'Trumbo' pulls the leg of Hollywood's dark side.


Hollywood is so fond of making movies about movies, but at this point, it’s a film that shows us a shameful period of Hollywood where hundreds of writers were ostracized for supposedly supporting the communist party. Dalton Trumbo, probably the most renowned blacklisted writer who won a few Oscars under many fake names in 1950’s. Even he used an alias to stay afloat in the business after going to jail, interesting, no? Yes, this film unleashes the typically compound life of this dearly loved screenwriter.

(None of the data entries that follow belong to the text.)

lemma decomposable_separable_proj_eq_0:
  fixes nA :: "'a::euclidean_space \<Rightarrow> real"
  assumes norm: "is_norm nA" and decomp: "decomposable_at nA u T e"
    and sep: "separable_on nA T V W"
    and alpha: "alpha \<in> subdiff nA u" and dual_V: "dual_norm nA (proj V alpha) < 1"
    and level: "nA (u + h) = nA u" and orth: "alpha \<bullet> h = 0"
  shows "proj V h = 0"
proof -
  have "dual_norm nA (proj (orth_comp T) alpha) \<le> 1"
    using decomp alpha unfolding decomposable_at_def by auto
  moreover have "nA (proj (orth_comp T) h) = nA (proj V h) + nA (proj W h)"
    using sep unfolding separable_on_def by blast
  ultimately have "nA (proj V h) + nA (proj W h)
      \<le> dual_norm nA (proj V alpha) * nA (proj V h) + nA (proj W h)"
    using decomposable_at_increment_lower_bound[OF norm decomp alpha, of h]
      separable_on_inner_le[OF norm sep, of alpha h] level orth by simp
  then have "(1 - dual_norm nA (proj V alpha)) * nA (proj V h) \<le> 0"
    by (simp add: algebra_simps)
  with dual_V have "nA (proj V h) \<le> 0" by (simp add: mult_le_0_iff)
  then show ?thesis
    using is_norm_nonneg[OF norm, of "proj V h"] is_norm_eq_0_iff[OF norm] by fastforce
qed

lemma inner_transpose_matrix_vector:
  fixes A :: "real^'n^'m"
  shows "y \<bullet> (transpose A *v x) = (A *v y) \<bullet> x"
  using dot_lmul_matrix[of x A y] by (simp add: inner_commute)

theorem corollary2:
  fixes Phi :: "real^'n^'m" and L :: "real^'p^'n"
    and nA :: "real^'p \<Rightarrow> real"
    and y :: "real^'m" and lambda :: real and xs :: "real^'n"
    and T V W :: "(real^'p) set" and e :: "real^'p"
  defines "J \<equiv> (\<lambda>x. (1/2) * (norm (y - Phi *v x))\<^sup>2 + lambda * nA (transpose L *v x))"
  assumes norm: "is_norm nA"
    and lam: "lambda > 0"
    and minim: "\<forall>x. J xs \<le> J x"
    and decomp: "decomposable_at nA (transpose L *v xs) T e"
    and sep: "separable_on nA T V W"
    and cert: "\<exists>eta alpha. alpha \<in> subdiff nA (transpose L *v xs)
                 \<and> transpose Phi *v eta = L *v alpha
                 \<and> dual_norm nA (proj V alpha) < 1"
    and inj: "inj_on (\<lambda>x. Phi *v x) {x. proj V (transpose L *v x) = 0}"
  shows "\<forall>x. (\<forall>z. J x \<le> J z) \<longrightarrow> x = xs"
proof (intro allI impI)
  fix x assume min_x: "\<forall>z. J x \<le> J z"
  obtain eta alpha where alpha: "alpha \<in> subdiff nA (transpose L *v xs)"
    and eta: "transpose Phi *v eta = L *v alpha" and dual_V: "dual_norm nA (proj V alpha) < 1"
    using cert by blast
  define h where "h = x - xs"
  have "convex_on UNIV (\<lambda>z. lambda * nA (transpose L *v z))"
    using lam by (intro convex_on_cmul convex_on_is_norm_comp_linear[OF norm matrix_vector_mul_linear]) auto
  then have same_image: "Phi *v x = Phi *v xs"
    using minimizers_same_image[OF matrix_vector_mul_linear] min_x minim unfolding J_def by blast
  moreover have "J x = J xs"
    using min_x minim by (simp add: order_antisym)
  ultimately have "nA (transpose L *v x) = nA (transpose L *v xs)"
    using lam unfolding J_def by simp
  moreover have "transpose L *v xs + transpose L *v h = transpose L *v x"
    unfolding h_def matrix_vector_right_distrib[symmetric] by simp
  ultimately have level: "nA (transpose L *v xs + transpose L *v h) = nA (transpose L *v xs)"
    by simp
  have ker: "Phi *v h = 0"
    using same_image by (simp add: h_def matrix_vector_mult_diff_distrib)
  have "alpha \<bullet> (transpose L *v h) = eta \<bullet> (Phi *v h)"
    using inner_transpose_matrix_vector[of alpha L h] inner_transpose_matrix_vector[of h Phi eta] eta
    by (simp add: inner_commute)
  with ker have "proj V (transpose L *v h) = 0"
    using decomposable_separable_proj_eq_0[OF norm decomp sep alpha dual_V level] by simp
  moreover have "subspace V"
    using sep unfolding separable_on_def by blast
  ultimately have "h = 0"
    using inj_onD[OF inj, of h 0] ker by (simp add: proj_zero)
  then show "x = xs" by (simp add: h_def)
qed

end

There’s a beautifully enlightening speech given by Dalton Trumbo in 1970 to the Writers Guild of America, brought here to life by this year’s Oscar nominee Bryan Cranston. He’s quite mighty as Trumbo, embodying the quick-tempered brilliance of a writer who drafts his wonderful writings in the bathtub, pen in one hand, cigarette holder in the other, wearing thick spectacles below his wrinkled forehead, beating the stylish typewriter in a rythm to the jazzy score, and whose obstinate attitude is an origin of both being strong and fragile.

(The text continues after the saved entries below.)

lemma Cm_bar_1_iff:
  "Cm_bar 1 H f \<longleftrightarrow> continuous_on (closure H) f \<and>
     (\<forall>x\<in>H. (f has_real_derivative deriv f x) (at x)) \<and>
     (\<exists>g. continuous_on (closure H) g \<and> (\<forall>x\<in>H. g x = deriv f x))"
  unfolding Cm_bar_def by (auto simp: le_Suc_eq)

lemma Cm_bar_2_iff:
  "Cm_bar 2 H f \<longleftrightarrow> continuous_on (closure H) f \<and>
     (\<forall>x\<in>H. (f has_real_derivative deriv f x) (at x) \<and>
             (deriv f has_real_derivative deriv (deriv f) x) (at x)) \<and>
     (\<exists>g. continuous_on (closure H) g \<and> (\<forall>x\<in>H. g x = deriv f x)) \<and>
     (\<exists>g. continuous_on (closure H) g \<and> (\<forall>x\<in>H. g x = deriv (deriv f) x))"
proof -
  have lt2: "(\<forall>k<2. P k) \<longleftrightarrow> P 0 \<and> P 1" for P :: "nat \<Rightarrow> bool"
    by (auto simp: less_2_cases_iff)
  have le2: "(\<forall>k\<le>2. P k) \<longleftrightarrow> P 0 \<and> P 1 \<and> P 2" for P :: "nat \<Rightarrow> bool"
    by (auto simp: le_Suc_eq numeral_2_eq_2)
  show ?thesis
    unfolding Cm_bar_def lt2 le2 by (auto simp: numeral_2_eq_2)
qed

lemma Cm_bar_2_id: "Cm_bar 2 H id"
  unfolding Cm_bar_2_iff by (auto simp: id_def intro: continuous_on_const)

lemma Cm_bar_2_DERIV_comp:
  assumes H: "open H" and f: "Cm_bar 2 H f" and g: "Cm_bar 2 H g" "g ` H \<subseteq> H" and y: "y \<in> H"
  shows "((f \<circ> g) has_real_derivative deriv f (g y) * deriv g y) (at y)"
    and "(deriv (f \<circ> g) has_real_derivative
           deriv (deriv f) (g y) * (deriv g y)\<^sup>2 + deriv f (g y) * deriv (deriv g) y) (at y)"
proof -
  have gy: "g y \<in> H" using g(2) y by blast
  have Df: "(f has_real_derivative deriv f z) (at z)"
    and D2f: "(deriv f has_real_derivative deriv (deriv f) z) (at z)" if "z \<in> H" for z
    using f that unfolding Cm_bar_2_iff by blast+
  have Dg: "(g has_real_derivative deriv g z) (at z)"
    and D2g: "(deriv g has_real_derivative deriv (deriv g) z) (at z)" if "z \<in> H" for z
    using g(1) that unfolding Cm_bar_2_iff by blast+
  have chain: "((f \<circ> g) has_real_derivative deriv f (g z) * deriv g z) (at z)" if "z \<in> H" for z
    using DERIV_chain[OF Df Dg] g(2) that by blast
  then show "((f \<circ> g) has_real_derivative deriv f (g y) * deriv g y) (at y)"
    using y .
  have "((\<lambda>z. deriv f (g z) * deriv g z) has_real_derivative
          deriv (deriv f) (g y) * (deriv g y)\<^sup>2 + deriv f (g y) * deriv (deriv g) y) (at y)"
    using DERIV_mult[OF DERIV_chain2[OF D2f[OF gy] Dg[OF y]] D2g[OF y]]
    by (simp add: power2_eq_square algebra_simps)
  then show "(deriv (f \<circ> g) has_real_derivative
           deriv (deriv f) (g y) * (deriv g y)\<^sup>2 + deriv f (g y) * deriv (deriv g) y) (at y)"
    by (rule has_field_derivative_transform_within_open[OF _ H y])
      (use DERIV_imp_deriv[OF chain] in simp)
qed

lemma Cm_bar_2_comp:
  assumes H: "open H" and f: "Cm_bar 2 H f" and g: "Cm_bar 2 H g" "g ` H \<subseteq> H"
  shows "Cm_bar 2 H (f \<circ> g)"
proof -
  note D = Cm_bar_2_DERIV_comp[OF H f g]
  obtain f1 f2 where f12: "continuous_on (closure H) f1" "\<forall>x\<in>H. f1 x = deriv f x"
      "continuous_on (closure H) f2" "\<forall>x\<in>H. f2 x = deriv (deriv f) x"
    using f unfolding Cm_bar_2_iff by blast
  obtain g1 g2 where g12: "continuous_on (closure H) g1" "\<forall>x\<in>H. g1 x = deriv g x"
      "continuous_on (closure H) g2" "\<forall>x\<in>H. g2 x = deriv (deriv g) x"
    using g(1) unfolding Cm_bar_2_iff by blast
  have g_cont: "continuous_on (closure H) g"
    using g(1) unfolding Cm_bar_2_iff by blast
  have g_closure: "g ` closure H \<subseteq> closure H"
    by (rule image_closure_subset[OF g_cont closed_closure]) (use g(2) closure_subset in blast)
  have comp: "continuous_on (closure H) (h \<circ> g)" if "continuous_on (closure H) h" for h :: "real \<Rightarrow> real"
    by (rule continuous_on_compose[OF g_cont continuous_on_subset[OF that g_closure]])
  have fg_cont: "continuous_on (closure H) (f \<circ> g)"
    using f by (intro comp) (simp add: Cm_bar_2_iff)
  have deriv_fg: "deriv (f \<circ> g) x = f1 (g x) * g1 x"
    and deriv2_fg: "deriv (deriv (f \<circ> g)) x = f2 (g x) * (g1 x)\<^sup>2 + f1 (g x) * g2 x"
    if x: "x \<in> H" for x
    using DERIV_imp_deriv[OF D(1)[OF x]] DERIV_imp_deriv[OF D(2)[OF x]] f12 g12 g(2) x by auto
  have "continuous_on (closure H) (\<lambda>x. f1 (g x) * g1 x)"
    and "continuous_on (closure H) (\<lambda>x. f2 (g x) * (g1 x)\<^sup>2 + f1 (g x) * g2 x)"
    using comp[OF f12(1)] comp[OF f12(3)] g12(1,3) unfolding o_def
    by (auto intro!: continuous_on_mult continuous_on_add continuous_on_power)
  then have "\<exists>h. continuous_on (closure H) h \<and> (\<forall>x\<in>H. h x = deriv (f \<circ> g) x)"
    and "\<exists>h. continuous_on (closure H) h \<and> (\<forall>x\<in>H. h x = deriv (deriv (f \<circ> g)) x)"
    using deriv_fg deriv2_fg by (metis (no_types, lifting))+
  moreover have "((f \<circ> g) has_real_derivative deriv (f \<circ> g) x) (at x)"
    and "(deriv (f \<circ> g) has_real_derivative deriv (deriv (f \<circ> g)) x) (at x)" if "x \<in> H" for x
    using D(1)[OF that] D(2)[OF that] by (simp_all only: DERIV_imp_deriv)
  ultimately show ?thesis
    unfolding Cm_bar_2_iff using fg_cont by blast
qed

lemma Dbar_eq_continuous_extension:
  assumes H: "open H" and g: "continuous_on (closure H) g" "\<forall>y\<in>H. g y = (deriv ^^ k) f y"
    and x: "x \<in> closure H"
  shows "Dbar H k f x = g x"
proof -
  have "(g \<longlongrightarrow> g x) (at x within H)"
    using g(1) x closure_subset unfolding continuous_on_def by (blast intro: tendsto_within_subset)
  then have "((deriv ^^ k) f \<longlongrightarrow> g x) (at x within H)"
    by (rule Lim_transform_eventually) (use g(2) in \<open>auto simp: eventually_at_filter\<close>)
  moreover have "x islimpt H"
    using islimpt_closure_open[OF H refl x] by (simp add: limpt_of_closure)
  ultimately show ?thesis
    unfolding Dbar_def by (intro tendsto_Lim) (auto simp: trivial_limit_within)
qed

lemma Dbar_eq_deriv:
  assumes "open H" "Cm_bar m H f" "k \<le> m" "x \<in> H"
  shows "Dbar H k f x = (deriv ^^ k) f x"
proof -
  obtain g where g: "continuous_on (closure H) g" "\<forall>y\<in>H. g y = (deriv ^^ k) f y"
    using assms(2,3) unfolding Cm_bar_def by blast
  have "x \<in> closure H"
    using assms(4) closure_subset by blast
  with g assms(4) show ?thesis
    using Dbar_eq_continuous_extension[OF assms(1) g] by simp
qed

lemma abs_Dbar_le:
  assumes "open H" "Cm_bar m H f" "k \<le> m" "\<forall>y\<in>H. \<bar>(deriv ^^ k) f y\<bar> \<le> C" "x \<in> closure H"
  shows "\<bar>Dbar H k f x\<bar> \<le> C"
proof -
  obtain g where g: "continuous_on (closure H) g" "\<forall>y\<in>H. g y = (deriv ^^ k) f y"
    using assms(2,3) unfolding Cm_bar_def by blast
  have "\<bar>g x\<bar> \<le> C"
    using continuous_on_closure_norm_le[OF g(1) _ assms(5), of C] g(2) assms(4) by simp
  then show ?thesis
    using Dbar_eq_continuous_extension[OF assms(1) g assms(5)] by simp
qed

lemma Dbar_bounded:
  assumes "open H" "bounded H" "Cm_bar m H f" "k \<le> m"
  shows "bdd_above ((\<lambda>x. \<bar>Dbar H k f x\<bar>) ` closure H)"
proof -
  obtain g where g: "continuous_on (closure H) g" "\<forall>y\<in>H. g y = (deriv ^^ k) f y"
    using assms(3,4) unfolding Cm_bar_def by blast
  obtain C where "\<And>x. x \<in> closure H \<Longrightarrow> norm (g x) \<le> C"
    using continuous_on_compact_bound[OF _ g(1)] assms(2) by (metis compact_closure)
  then show ?thesis
    using Dbar_eq_continuous_extension[OF assms(1) g] by (auto intro!: bdd_aboveI2)
qed

lemma DERIV_abs_le_difference_quotient_bound:
  fixes f :: "real \<Rightarrow> real"
  assumes "(f has_real_derivative D) (at y)" "open S" "y \<in> S"
    and "\<And>x. x \<in> S \<Longrightarrow> x \<noteq> y \<Longrightarrow> \<bar>f x - f y\<bar> / \<bar>x - y\<bar> \<le> C"
  shows "\<bar>D\<bar> \<le> C"
proof (rule tendsto_upperbound)
  show "((\<lambda>x. \<bar>(f x - f y) / (x - y)\<bar>) \<longlongrightarrow> \<bar>D\<bar>) (at y)"
    using assms(1) unfolding has_field_derivative_iff by (rule tendsto_rabs)
  show "\<forall>\<^sub>F x in at y. \<bar>(f x - f y) / (x - y)\<bar> \<le> C"
    using eventually_at_in_open[OF assms(2,3)] by eventually_elim (simp add: assms(4))
qed simp

lemma abs_mult_square_mult_le:
  fixes a b c A E F :: "'a :: linordered_idom"
  assumes "\<bar>a\<bar> \<le> A" "\<bar>b\<bar> \<le> E" "\<bar>c\<bar> \<le> F"
  shows "\<bar>a * b\<^sup>2 * c\<bar> \<le> A * E\<^sup>2 * F"
proof -
  have "b\<^sup>2 \<le> E\<^sup>2"
    using power_mono[OF assms(2), of 2] by simp
  then have "\<bar>a\<bar> * b\<^sup>2 \<le> A * E\<^sup>2"
    using assms(1) by (intro mult_mono) auto
  then have "\<bar>a\<bar> * b\<^sup>2 * \<bar>c\<bar> \<le> A * E\<^sup>2 * F"
    by (rule mult_mono[OF _ assms(3)]) (use assms(1) in auto)
  then show ?thesis
    by (simp add: abs_mult)
qed

lemma open_union_intervals: "open (union_intervals n c d)"
  unfolding union_intervals_def by (intro open_UN) auto

lemma bounded_union_intervals: "bounded (union_intervals n c d)"
  unfolding union_intervals_def by (intro bounded_UN) auto

lemma disjoint_intervals_separated:
  fixes n :: nat and c d :: "nat \<Rightarrow> real"
  assumes disj: "\<forall>i\<in>{1..n}. \<forall>j\<in>{1..n}. i \<noteq> j \<longrightarrow> {c i..d i} \<inter> {c j..d j} = {}"
  obtains \<delta> :: real where "\<delta> > 0"
    "\<And>i j x y. i \<in> {1..n} \<Longrightarrow> j \<in> {1..n} \<Longrightarrow> i \<noteq> j \<Longrightarrow> x \<in> {c i..d i} \<Longrightarrow> y \<in> {c j..d j}
       \<Longrightarrow> \<delta> \<le> \<bar>x - y\<bar>"
proof -
  define K where "K = (\<Union>i\<in>{1..n}. \<Union>j\<in>{1..n} - {i}. {x - y | x y. x \<in> {c i..d i} \<and> y \<in> {c j..d j}})"
  have "compact K"
    unfolding K_def by (intro compact_UN compact_differences) auto
  moreover have "0 \<notin> K"
    using disj unfolding K_def by fastforce
  ultimately obtain \<delta> where \<delta>: "\<delta> > 0" "\<forall>z\<in>K. \<delta> \<le> dist 0 z"
    using separate_point_closed compact_imp_closed by metis
  show thesis
  proof (rule that[OF \<delta>(1)])
    fix i j x y
    assume "i \<in> {1..n}" "j \<in> {1..n}" "i \<noteq> j" "x \<in> {c i..d i}" "y \<in> {c j..d j}"
    then have "x - y \<in> K"
      unfolding K_def by blast
    then show "\<delta> \<le> \<bar>x - y\<bar>"
      using \<delta>(2) by (simp add: dist_real_def)
  qed
qed

lemma lipschitz_on_union_intervals:
  fixes n :: nat and c d :: "nat \<Rightarrow> real"
  assumes disj: "\<forall>i\<in>{1..n}. \<forall>j\<in>{1..n}. i \<noteq> j \<longrightarrow> {c i..d i} \<inter> {c j..d j} = {}"
    and f: "Cm_bar 1 (union_intervals n c d) f"
  obtains L where "L-lipschitz_on (union_intervals n c d) f"
proof -
  let ?H = "union_intervals n c d"
  have compact: "compact (closure ?H)"
    by (simp add: bounded_union_intervals)
  obtain f1 where f1: "continuous_on (closure ?H) f1" "\<forall>x\<in>?H. f1 x = deriv f x"
    using f unfolding Cm_bar_1_iff by blast
  obtain L0 where L0: "\<And>x. x \<in> closure ?H \<Longrightarrow> \<bar>f x\<bar> \<le> L0"
    using continuous_on_compact_bound[OF compact] f unfolding Cm_bar_1_iff by (metis real_norm_def)
  obtain L1 where L1: "L1 \<ge> 0" "\<And>x. x \<in> closure ?H \<Longrightarrow> \<bar>f1 x\<bar> \<le> L1"
    using continuous_on_compact_bound[OF compact f1(1)] by (metis real_norm_def)
  obtain \<delta> :: real where \<delta>: "\<delta> > 0"
    "\<And>i j x y. i \<in> {1..n} \<Longrightarrow> j \<in> {1..n} \<Longrightarrow> i \<noteq> j \<Longrightarrow> x \<in> {c i..d i} \<Longrightarrow> y \<in> {c j..d j}
       \<Longrightarrow> \<delta> \<le> \<bar>x - y\<bar>"
    using disjoint_intervals_separated[OF disj] by blast
  define L where "L = max L1 (2 * L0 / \<delta>)"
  have same_interval: "\<bar>f x - f y\<bar> \<le> L * \<bar>x - y\<bar>"
    if i: "i \<in> {1..n}" and xy: "x \<in> {c i<..<d i}" "y \<in> {c i<..<d i}" for i x y
  proof -
    have sub: "{c i<..<d i} \<subseteq> ?H"
      using i unfolding union_intervals_def by blast
    have "(f has_real_derivative deriv f z) (at z within {c i<..<d i})" if "z \<in> {c i<..<d i}" for z
      using f sub that unfolding Cm_bar_1_iff by (blast intro: has_field_derivative_at_within)
    moreover have "\<bar>deriv f z\<bar> \<le> L" if "z \<in> {c i<..<d i}" for z
      using L1(2) f1(2) sub that closure_subset unfolding L_def by (metis subsetD max.coboundedI1)
    ultimately show ?thesis
      using field_differentiable_bound[of "{c i<..<d i}" f "deriv f" L x y] xy by simp
  qed
  have different_intervals: "\<bar>f x - f y\<bar> \<le> L * \<bar>x - y\<bar>"
    if ij: "i \<in> {1..n}" "j \<in> {1..n}" "i \<noteq> j" and xy: "x \<in> {c i<..<d i}" "y \<in> {c j<..<d j}"
    for i j x y
  proof -
    have "x \<in> ?H" "y \<in> ?H"
      using ij xy unfolding union_intervals_def by blast+
    then have "\<bar>f x\<bar> \<le> L0" "\<bar>f y\<bar> \<le> L0"
      using L0 closure_subset by (metis subsetD)+
    then have "\<bar>f x - f y\<bar> \<le> 2 * L0 / \<delta> * \<delta>"
      using \<delta>(1) by simp
    also have "\<dots> \<le> L * \<bar>x - y\<bar>"
      using \<delta> ij xy L1(1) unfolding L_def by (intro mult_mono) auto
    finally show ?thesis .
  qed
  have "L-lipschitz_on ?H f"
  proof (rule lipschitz_onI)
    fix x y assume "x \<in> ?H" "y \<in> ?H"
    then obtain i j where "i \<in> {1..n}" "x \<in> {c i<..<d i}" "j \<in> {1..n}" "y \<in> {c j<..<d j}"
      unfolding union_intervals_def by blast
    then show "dist (f x) (f y) \<le> L * dist x y"
      using same_interval different_intervals unfolding dist_real_def by (cases "i = j") blast+
  qed (use L1(1) in \<open>simp add: L_def\<close>)
  then show thesis ..
qed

Not just Cranston, but seriously I don’t think they could have chosen a better cast for Trumbo than this. His co-stars give it their all to elevate the title role’s charisma. Diane Lane is superb as Trumbo‘s caring but forbearing spouse, defending her children against their father’s drug and alcohol irascibility. Louis C.K, as his elder daughter, is also too good even if she doesn’t age although the film spans for 23 years or so. John Goodman is very funny as a studio head who likes making bad films and intimidates a guy beating up with a baseball bat. Or even Helen Mirren’s character, who is zany all the while because of her symphony of crazy hats and crazier looks.

The story is fascinating to grab your attention, but the script simply does not have enough substance to be great. While the film is merely a montage of the most important portions of his life, you never get a sense of his character arc or really what became of him until the end credits explain it. For a film about a writer, it wasn’t actually written all that well, which is a bit disappointing thing but Trumbo is mildly entertaining with few great moments throughout its 2 hour running time.

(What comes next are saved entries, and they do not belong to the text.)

(* Let $M$ be a finite set of alternatives, $\mathcal{R}$ the set of weak preference orders on $M$, and $\varphi:\mathcal{R}\to\Delta(M)$ a mechanism. If $\varphi$ is separation monotonic, separation upper invariant, and separation lower invariant, then it is multi-separation strategyproof, i.e., for every multi-separation $(R,R')$, $\varphi(R)$ first order-stochastically dominates $\varphi(R')$ at $R$, and $\varphi(R')$ first order-stochastically dominates $\varphi(R)$ at $R'$.
   Context: A preference order is a complete, transitive relation $R$ on $M$; $a\,I\,b$ means $a\,R\,b$ and $b\,R\,a$; $a\,P\,b$ means $a\,R\,b$ and not $b\,R\,a$. Write $R$ as $M_1\,P\,\cdots\,P\,M_K$ where $(M_k)$ are the nonempty indifference classes ordered so that $a\,P\,b$ for $a\in M_k$, $b\in M_{k'}$, $k<k'$. For $A\subseteq M$, $\varphi_A(R)=\sum_{a\in A}(\varphi(R))_a$. A lottery $x$ first order-stochastically dominates $y$ at $R$ if $\sum_{j: j R a}x_j\ge\sum_{j: j R a}y_j$ for all $a\in M$. A multi-separation is a pair $(R,R')$ such that, with $R=M_1\,P\,\cdots\,P\,M_K$, there are integers $L_1,\dots,L_K\ge1$ and, for each $k$, a partition of $M_k$ into pairwise disjoint nonempty sets $M_k^1,\dots,M_k^{L_k}$ with $R'=M_1^1\,P'\,\cdots\,P'\,M_1^{L_1}\,P'\,M_2^1\,P'\,\cdots\,P'\,M_K^1\,P'\,\cdots\,P'\,M_K^{L_K}$ (indifference within each listed set). A separation is a pair $(R,R')$ such that there are $\kappa\in\{1,\dots,K\}$ and a partition of $M_\kappa$ into disjoint nonempty $M_\kappa^1,M_\kappa^2$ with $R'=M_1\,P'\,\cdots\,P'\,M_{\kappa-1}\,P'\,M_\kappa^1\,P'\,M_\kappa^2\,P'\,M_{\kappa+1}\,P'\,\cdots\,P'\,M_K$. Axioms, for every separation $(R,R')$: separation responsive: $\varphi_{M_\kappa^1}(R')\ge\varphi_{M_\kappa^1}(R)$ and $\varphi_{M_\kappa^2}(R')\le\varphi_{M_\kappa^2}(R)$; separation direct: if $\varphi_{M_k}(R)\ne\varphi_{M_k}(R')$ for some $k\in\{1,\dots,K\}$ then $\varphi_{M_\kappa^1}(R')\ne\varphi_{M_\kappa^1}(R)$ and $\varphi_{M_\kappa^2}(R')\ne\varphi_{M_\kappa^2}(R)$; separation monotonic: responsive and direct; separation upper invariant: $\varphi_{M_k}(R)=\varphi_{M_k}(R')$ for $k<\kappa$; separation lower invariant: $\varphi_{M_k}(R)=\varphi_{M_k}(R')$ for $k>\kappa$. *)

theory Defs
  imports Complex_Main
begin

definition weak_order :: "'a set \<Rightarrow> 'a rel \<Rightarrow> bool" where
  "weak_order M R \<longleftrightarrow> R \<subseteq> M \<times> M \<and>
     (\<forall>a\<in>M. \<forall>b\<in>M. (a, b) \<in> R \<or> (b, a) \<in> R) \<and> trans R"

definition ordered_partition :: "'a set \<Rightarrow> 'a set list \<Rightarrow> bool" where
  "ordered_partition M Ms \<longleftrightarrow>
     (\<forall>k<length Ms. Ms ! k \<noteq> {}) \<and>
     (\<forall>i<length Ms. \<forall>j<length Ms. i \<noteq> j \<longrightarrow> Ms ! i \<inter> Ms ! j = {}) \<and>
     \<Union>(set Ms) = M"

definition ord_rel :: "'a set list \<Rightarrow> 'a rel" where
  "ord_rel Ms = {(a, b). \<exists>i<length Ms. \<exists>j<length Ms. i \<le> j \<and> a \<in> Ms ! i \<and> b \<in> Ms ! j}"

definition phi_set :: "('a rel \<Rightarrow> 'a \<Rightarrow> real) \<Rightarrow> 'a rel \<Rightarrow> 'a set \<Rightarrow> real" where
  "phi_set \<phi> R A = (\<Sum>a\<in>A. \<phi> R a)"

definition lottery :: "'a set \<Rightarrow> ('a \<Rightarrow> real) \<Rightarrow> bool" where
  "lottery M x \<longleftrightarrow> (\<forall>a\<in>M. x a \<ge> 0) \<and> (\<Sum>a\<in>M. x a) = 1"

definition fosd :: "'a set \<Rightarrow> 'a rel \<Rightarrow> ('a \<Rightarrow> real) \<Rightarrow> ('a \<Rightarrow> real) \<Rightarrow> bool" where
  "fosd M R x y \<longleftrightarrow>
     (\<forall>a\<in>M. (\<Sum>j\<in>{j\<in>M. (j, a) \<in> R}. x j) \<ge> (\<Sum>j\<in>{j\<in>M. (j, a) \<in> R}. y j))"

definition multi_separation :: "'a set \<Rightarrow> 'a rel \<Rightarrow> 'a rel \<Rightarrow> bool" where
  "multi_separation M R R' \<longleftrightarrow>
     (\<exists>Ms Ls. ordered_partition M Ms \<and> R = ord_rel Ms \<and>
        length Ls = length Ms \<and>
        (\<forall>k<length Ms. ordered_partition (Ms ! k) (Ls ! k)) \<and>
        R' = ord_rel (concat Ls))"

text \<open>Separations: R = ord_rel Ms, class Ms!\<kappa> split into A (upper) and B (lower).\<close>
definition separation_data :: "'a set \<Rightarrow> 'a set list \<Rightarrow> nat \<Rightarrow> 'a set \<Rightarrow> 'a set \<Rightarrow> bool" where
  "separation_data M Ms \<kappa> A B \<longleftrightarrow> ordered_partition M Ms \<and> \<kappa> < length Ms \<and>
     A \<noteq> {} \<and> B \<noteq> {} \<and> A \<inter> B = {} \<and> A \<union> B = Ms ! \<kappa>"

definition split_at :: "'a set list \<Rightarrow> nat \<Rightarrow> 'a set \<Rightarrow> 'a set \<Rightarrow> 'a set list" where
  "split_at Ms \<kappa> A B = take \<kappa> Ms @ [A, B] @ drop (Suc \<kappa>) Ms"

definition separation_responsive :: "'a set \<Rightarrow> ('a rel \<Rightarrow> 'a \<Rightarrow> real) \<Rightarrow> bool" where
  "separation_responsive M \<phi> \<longleftrightarrow>
     (\<forall>Ms \<kappa> A B. separation_data M Ms \<kappa> A B \<longrightarrow>
        (let R = ord_rel Ms; R' = ord_rel (split_at Ms \<kappa> A B) in
          phi_set \<phi> R' A \<ge> phi_set \<phi> R A \<and> phi_set \<phi> R' B \<le> phi_set \<phi> R B))"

What I personally liked is, conveying the significance of Otto Preminger’s unsung role in bringing Trumbo’s name back on screen, also the depiction of how a writer’s family is under his control and the duty that his actions and loyalties take upon them. Yes, there are few tonal inconsistencies along with some lack of attention in detailing. Despite it’s a bit of missed opportunity, I thoroughly enjoyed watching Trumbo character in this interesting time period. Overall, it is not a film that is remembered for very long, but upon being reminded of it, the brilliant performance of Bryan Cranston is all that will brim your brain first to recollect about the movie.